Content starts

(* If a spanned map $(M,S)$ is a covered map, then the dual spanned map $(M^*,\bar S)$ is also a covered map, and $$g(M)=g(M_{|S})+g(M^*_{|\bar S}).$$
   Context: Permutations compose right to left. A map is $M=(H,\sigma,\alpha)$ with $H$ finite, $\alpha$ a fixed-point-free involution, $\sigma$ a permutation, $\langle\sigma,\alpha\rangle$ transitive, and a root $r\in H$. Vertices, edges, faces are the cycles of $\sigma,\alpha,\phi=\sigma\alpha$; the genus $g$ satisfies $v-e+f=2-2g$. For a permutation $\pi$ and $S\subseteq H$, $\pi_{|S}$ is obtained from the cycles of $\pi$ by erasing elements not in $S$. A spanned map is $(M,S)$ with $S$ stable by $\alpha$, and $M_{|S}=(S,\sigma_{|S},\alpha_{|S})$. The dual of $M$ is $M^*=(H,\phi,\alpha)$ with the same root, and the dual of $(M,S)$ is $(M^*,\bar S)$ with $\bar S=H\setminus S$, so $M^*_{|\bar S}=(\bar S,\phi_{|\bar S},\alpha_{|\bar S})$. A covered map is a spanned map such that $M_{|S}$ is a connecting unicellular map: $\sigma_{|S},\alpha_{|S}$ transitive on $S$, $S$ meets every cycle of $\sigma$ (except $S=\emptyset$ is allowed when $\sigma$ has one cycle; the empty map counts as a unicellular map of genus $0$), and $\sigma_{|S}\alpha_{|S}$ is cyclic. *)

theory Defs
  imports Main "HOL-Library.FuncSet"
begin

definition perm_on :: "('a \<Rightarrow> 'a) \<Rightarrow> 'a set \<Rightarrow> bool" where
  "perm_on \<pi> H \<longleftrightarrow> bij_betw \<pi> H H \<and> (\<forall>x. x \<notin> H \<longrightarrow> \<pi> x = x)"

text \<open>Restriction \<open>\<pi>_{|S}\<close>: erase from the cycles of \<pi> the elements not in S,
  i.e. send x in S to the first element of S after x on its \<pi>-cycle.\<close>
definition restr :: "('a \<Rightarrow> 'a) \<Rightarrow> 'a set \<Rightarrow> 'a \<Rightarrow> 'a" where
  "restr \<pi> S x = (if x \<in> S then (\<pi> ^^ (LEAST n. 0 < n \<and> (\<pi> ^^ n) x \<in> S)) x else x)"

definition cyc :: "('a \<Rightarrow> 'a) \<Rightarrow> 'a \<Rightarrow> 'a set" where
  "cyc \<pi> x = {(\<pi> ^^ n) x | n. True}"

definition ncycles :: "('a \<Rightarrow> 'a) \<Rightarrow> 'a set \<Rightarrow> nat" where
  "ncycles \<pi> A = card (cyc \<pi> ` A)"

definition transitive_on :: "'a set \<Rightarrow> ('a \<Rightarrow> 'a) \<Rightarrow> ('a \<Rightarrow> 'a) \<Rightarrow> bool" where
  "transitive_on H \<sigma> \<alpha> \<longleftrightarrow>
     (\<forall>x\<in>H. \<forall>y\<in>H. (x, y) \<in> ({(z, \<sigma> z) | z. z \<in> H} \<union> {(z, \<alpha> z) | z. z \<in> H})\<^sup>*)"

definition is_map :: "'a set \<Rightarrow> ('a \<Rightarrow> 'a) \<Rightarrow> ('a \<Rightarrow> 'a) \<Rightarrow> bool" where
  "is_map H \<sigma> \<alpha> \<longleftrightarrow> finite H \<and> perm_on \<sigma> H \<and> perm_on \<alpha> H
     \<and> (\<forall>x\<in>H. \<alpha> (\<alpha> x) = x \<and> \<alpha> x \<noteq> x) \<and> transitive_on H \<sigma> \<alpha>"

text \<open>Genus: v - e + f = 2 - 2g; the empty map has genus 0.\<close>
definition genus :: "'a set \<Rightarrow> ('a \<Rightarrow> 'a) \<Rightarrow> ('a \<Rightarrow> 'a) \<Rightarrow> int" where
  "genus H \<sigma> \<alpha> = (if H = {} then 0 else
     (2 - int (ncycles \<sigma> H) + int (ncycles \<alpha> H) - int (ncycles (\<sigma> \<circ> \<alpha>) H)) div 2)"

definition spanned :: "'a set \<Rightarrow> ('a \<Rightarrow> 'a) \<Rightarrow> ('a \<Rightarrow> 'a) \<Rightarrow> 'a set \<Rightarrow> bool" where
  "spanned H \<sigma> \<alpha> S \<longleftrightarrow> is_map H \<sigma> \<alpha> \<and> S \<subseteq> H \<and> \<alpha> ` S \<subseteq> S"

text \<open>Covered map: M_{|S} is a connecting unicellular map.\<close>
definition covered :: "'a set \<Rightarrow> ('a \<Rightarrow> 'a) \<Rightarrow> ('a \<Rightarrow> 'a) \<Rightarrow> 'a set \<Rightarrow> bool" where
  "covered H \<sigma> \<alpha> S \<longleftrightarrow> spanned H \<sigma> \<alpha> S \<and>
     (if S = {} then ncycles \<sigma> H = 1
      else transitive_on S (restr \<sigma> S) (restr \<alpha> S)
        \<and> (\<forall>x\<in>H. cyc \<sigma> x \<inter> S \<noteq> {})
        \<and> ncycles (restr \<sigma> S \<circ> restr \<alpha> S) S = 1)"

end

theory Submission
  imports Defs "HOL-Combinatorics.Cycles" "HOL-Combinatorics.Orbits"
begin

text \<open>Let \<open>t = \<sigma> \<circ> \<alpha>\<^sub>S\<close>, where \<open>\<alpha>\<^sub>S\<close> acts as \<open>\<alpha>\<close> on \<open>S\<close> and
  as the identity on \<open>H - S\<close>. The restriction of \<open>t\<close> to \<open>S\<close> is the face permutation of
  \<open>M\<^sub>|\<^sub>S\<close>, and \<open>t\<close> agrees with \<open>\<sigma>\<close> along any vertex avoiding \<open>S\<close>; hence
  \<open>(M,S)\<close> is covered iff \<open>t\<close> is a single cycle on \<open>H\<close>. For the dual,
  \<open>\<phi> \<circ> \<alpha>\<^sub>H\<^sub>-\<^sub>S = \<sigma> \<circ> \<alpha> \<circ> \<alpha>\<^sub>H\<^sub>-\<^sub>S = t\<close>, so \<open>(M\<^sup>*, H - S)\<close> is covered too.

  A unicellular \<open>M\<^sub>|\<^sub>S\<close> with the vertices of \<open>M\<close> has \<open>2 g(M\<^sub>|\<^sub>S) = 1 - v + e(S)\<close>,
  and dually \<open>2 g(M\<^sup>*\<^sub>|\<^sub>H\<^sub>-\<^sub>S) = 1 - f + e(H - S)\<close>; the sum is \<open>2 - v + e - f = 2 g(M)\<close>.
  Since the genus is defined by integer division, the parity of these Euler characteristics
  is needed: it comes from the sign of a permutation \<open>p\<close> of \<open>X\<close> being
  \<open>(-1)\<^bsup>|X| + #cycles(p)\<^esup>\<close>, proved by counting how a transposition splits or merges cycles.\<close>

lemma funpow_agree:
  assumes "\<And>i. i < n \<Longrightarrow> g ((f ^^ i) x) = f ((f ^^ i) x)"
  shows "(g ^^ n) x = (f ^^ n) x"
  using assms by (induct n) auto

lemma funpow_agree_after_step:
  assumes "\<And>i. 0 < i \<Longrightarrow> i \<le> n \<Longrightarrow> g ((f ^^ i) x) = f ((f ^^ i) x)"
  shows "(g ^^ n) (f x) = (f ^^ Suc n) x"
  using assms
proof (induct n)
  case (Suc n)
  then show ?case using Suc.prems[of "Suc n"] by simp
qed simp

lemma funpow_add_apply: "(f ^^ m) ((f ^^ n) x) = (f ^^ (m + n)) x"
  by (simp add: funpow_add)

lemma funpow_Suc_apply: "(f ^^ Suc n) x = (f ^^ n) (f x)"
  by (simp only: funpow_Suc_right comp_apply)

lemma funpow_inj_below_least_power:
  assumes "permutation p" "i < least_power p a" "j < least_power p a" "(p ^^ i) a = (p ^^ j) a"
  shows "i = j"
proof -
  have contra: "False" if "i < j" "j < least_power p a" "(p ^^ i) a = (p ^^ j) a" for i j
  proof -
    have "(p ^^ (j - i)) a = a"
      using funpow_diff[OF bij_is_inj[OF permutation_bijective[OF assms(1)]]] that by simp
    then have "least_power p a \<le> j - i" by (rule least_power_le) (use that in simp)
    then show False using that by simp
  qed
  show ?thesis
    using assms(2-4) contra[of i j] contra[of j i] by (metis linorder_neqE_nat)
qed

lemma cyc_self: "x \<in> cyc f x"
  unfolding cyc_def by (auto intro: exI[of _ 0])

lemma funpow_in_cyc: "(f ^^ n) x \<in> cyc f x"
  unfolding cyc_def by auto

lemma cyc_subset_of_mem: "y \<in> cyc f x \<Longrightarrow> cyc f y \<subseteq> cyc f x"
  unfolding cyc_def by auto (metis comp_apply funpow_add)

lemma cyc_subset_of_stable: "f ` A \<subseteq> A \<Longrightarrow> x \<in> A \<Longrightarrow> cyc f x \<subseteq> A"
proof -
  assume "f ` A \<subseteq> A" "x \<in> A"
  then have "(f ^^ n) x \<in> A" for n by (induct n) auto
  then show ?thesis unfolding cyc_def by auto
qed

lemma cyc_subset: "p permutes X \<Longrightarrow> x \<in> X \<Longrightarrow> cyc p x \<subseteq> X"
  by (rule cyc_subset_of_stable) (auto simp: permutes_image)

lemma cyc_period:
  assumes "(f ^^ m) x = x" "0 < m"
  shows "cyc f x = {(f ^^ n) x | n. n < m}"
proof -
  have "(f ^^ k) x = (f ^^ (k mod m)) x \<and> k mod m < m" for k
    using assms by (simp add: funpow_mod_eq)
  then show ?thesis unfolding cyc_def by blast
qed

lemma cyc_eq_orbit: "permutation p \<Longrightarrow> cyc p x = orbit p x"
  unfolding cyc_def by (rule orbit_altdef_permutation[symmetric])

lemma cyc_sym:
  assumes "permutation p" "y \<in> cyc p x"
  shows "x \<in> cyc p y"
  using assms(2) unfolding cyc_eq_orbit[OF assms(1)]
  by (rule orbit_swap[OF permutation_self_in_orbit[OF assms(1)]])

lemma cyc_eq_of_mem: "permutation p \<Longrightarrow> y \<in> cyc p x \<Longrightarrow> cyc p y = cyc p x"
  using cyc_subset_of_mem cyc_sym by (metis subset_antisym)

lemma cyc_disjoint:
  assumes "permutation p" "cyc p x \<noteq> cyc p y"
  shows "cyc p x \<inter> cyc p y = {}"
  using assms cyc_eq_of_mem[OF assms(1)] by blast

lemma cyc_step: "permutation p \<Longrightarrow> cyc p (p x) = cyc p x"
  by (simp add: cyc_eq_orbit permutation_orbit_step)

lemma cyc_closed: "y \<in> cyc f x \<Longrightarrow> f y \<in> cyc f x"
  using cyc_subset_of_mem[of y f x] funpow_in_cyc[of 1 f y] by auto

lemma ncycles_cong: "(\<And>x. x \<in> A \<Longrightarrow> cyc q x = cyc p x) \<Longrightarrow> ncycles q A = ncycles p A"
  unfolding ncycles_def by (metis image_cong)

section \<open>Restriction of a permutation\<close>

lemma restr_eqI:
  assumes "x \<in> A" "0 < n" "(p ^^ n) x \<in> A" "\<And>j. 0 < j \<Longrightarrow> j < n \<Longrightarrow> (p ^^ j) x \<notin> A"
  shows "restr p A x = (p ^^ n) x"
proof -
  have "(LEAST n. 0 < n \<and> (p ^^ n) x \<in> A) = n"
    by (rule Least_equality) (use assms in \<open>auto simp: not_less[symmetric]\<close>)
  then show ?thesis using assms(1) unfolding restr_def by simp
qed

lemma restr_outside: "x \<notin> A \<Longrightarrow> restr p A x = x"
  unfolding restr_def by simp

lemma restr_step: "x \<in> A \<Longrightarrow> p x \<in> A \<Longrightarrow> restr p A x = p x"
  using restr_eqI[of x A 1 p] by simp

lemma restr_funpowE:
  assumes "permutation p" "x \<in> A"
  obtains k where "0 < k" "restr p A x = (p ^^ k) x" "(p ^^ k) x \<in> A"
    "\<And>j. 0 < j \<Longrightarrow> j < k \<Longrightarrow> (p ^^ j) x \<notin> A"
proof -
  define k where "k = (LEAST n. 0 < n \<and> (p ^^ n) x \<in> A)"
  have "0 < k \<and> (p ^^ k) x \<in> A"
    unfolding k_def
    by (rule LeastI[of _ "least_power p x"]) (use least_power_of_permutation[OF assms(1)] assms(2) in auto)
  moreover have "\<And>j. 0 < j \<Longrightarrow> j < k \<Longrightarrow> (p ^^ j) x \<notin> A"
    using not_less_Least k_def by blast
  ultimately show ?thesis
    using that[of k] assms(2) unfolding restr_def k_def by auto
qed

lemma restr_in: "permutation p \<Longrightarrow> x \<in> A \<Longrightarrow> restr p A x \<in> A"
  by (metis restr_funpowE)

lemma cyc_restr:
  assumes p: "permutation p" and "x \<in> A"
  shows "cyc (restr p A) x = cyc p x \<inter> A"
proof
  let ?r = "restr p A"
  have "(?r ^^ n) x \<in> cyc p x \<inter> A" for n
  proof (induct n)
    case 0
    then show ?case using \<open>x \<in> A\<close> cyc_self[of x p] by simp
  next
    case (Suc n)
    then obtain k where "?r ((?r ^^ n) x) = (p ^^ k) ((?r ^^ n) x)" "(p ^^ k) ((?r ^^ n) x) \<in> A"
      using restr_funpowE[OF p] by (metis IntD2)
    moreover have "(p ^^ k) ((?r ^^ n) x) \<in> cyc p x"
      using Suc cyc_subset_of_mem funpow_in_cyc by fast
    ultimately show ?case by simp
  qed
  then show "cyc ?r x \<subseteq> cyc p x \<inter> A" unfolding cyc_def by auto
next
  let ?r = "restr p A"
  have "(p ^^ n) x \<in> cyc ?r x" if "x \<in> A" "(p ^^ n) x \<in> A" for n x
    using that
  proof (induct n arbitrary: x rule: less_induct)
    case (less n x)
    obtain k where k: "0 < k" "?r x = (p ^^ k) x" "\<And>j. 0 < j \<Longrightarrow> j < k \<Longrightarrow> (p ^^ j) x \<notin> A"
      using restr_funpowE[OF p less(2)] by metis
    show ?case
    proof (cases "n = 0")
      case True
      then show ?thesis using cyc_self[of x ?r] by simp
    next
      case False
      with k(3) less(3) have "k \<le> n" by (meson not_le zero_less_iff_neq_zero)
      then have shift: "(p ^^ n) x = (p ^^ (n - k)) (?r x)"
        by (simp add: k(2) funpow_add_apply)
      have "(p ^^ (n - k)) (?r x) \<in> cyc ?r (?r x)"
        using less(1)[of "n - k" "?r x"] k(1) \<open>k \<le> n\<close> False restr_in[OF p less(2)] less(3)
        unfolding shift by simp
      moreover have "cyc ?r (?r x) \<subseteq> cyc ?r x"
        using cyc_subset_of_mem funpow_in_cyc[of 1 ?r x] by simp
      ultimately show ?thesis unfolding shift by blast
    qed
  qed
  then show "cyc p x \<inter> A \<subseteq> cyc ?r x" using \<open>x \<in> A\<close> unfolding cyc_def[of p] by auto
qed

lemma restr_permutes:
  assumes p: "permutation p" and "finite A"
  shows "restr p A permutes A"
proof (rule bij_imp_permutes)
  have "x = y" if "x \<in> A" "y \<in> A" "restr p A x = restr p A y" for x y
  proof -
    have cancel: "x = y" if "x \<in> A" "y \<in> A" "(p ^^ kx) x = (p ^^ ky) y" "0 < kx" "kx \<le> ky"
      "\<And>j. 0 < j \<Longrightarrow> j < ky \<Longrightarrow> (p ^^ j) y \<notin> A" for x y kx ky
    proof -
      have "(p ^^ kx) x = (p ^^ kx) ((p ^^ (ky - kx)) y)"
        using that(3,5) by (simp add: funpow_add_apply)
      then have "x = (p ^^ (ky - kx)) y"
        using inj_fn[OF bij_is_inj[OF permutation_bijective[OF p]]] by (simp add: inj_eq)
      then show "x = y" using that(1,4) that(6)[of "ky - kx"] by (cases "ky - kx = 0") auto
    qed
    obtain kx where "0 < kx" "restr p A x = (p ^^ kx) x"
      "\<And>j. 0 < j \<Longrightarrow> j < kx \<Longrightarrow> (p ^^ j) x \<notin> A"
      using restr_funpowE[OF p \<open>x \<in> A\<close>] by metis
    moreover obtain ky where "0 < ky" "restr p A y = (p ^^ ky) y"
      "\<And>j. 0 < j \<Longrightarrow> j < ky \<Longrightarrow> (p ^^ j) y \<notin> A"
      using restr_funpowE[OF p \<open>y \<in> A\<close>] by metis
    ultimately show "x = y" using that cancel by (metis nle_le)
  qed
  then have "inj_on (restr p A) A" by (rule inj_onI)
  moreover have "restr p A ` A \<subseteq> A" using restr_in[OF p] by auto
  ultimately show "bij_betw (restr p A) A A"
    unfolding bij_betw_def using endo_inj_surj[OF \<open>finite A\<close>] by blast
qed (rule restr_outside)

Content ends

ASSIGNMENT
Where does the string "contra" appear in the records? Copy every line that holds it.

TASK OUTPUT
  have contra: "False" if "i < j" "j < least_power p a" "(p ^^ i) a = (p ^^ j) a" for i j
    using assms(2-4) contra[of i j] contra[of j i] by (metis linorder_neqE_nat)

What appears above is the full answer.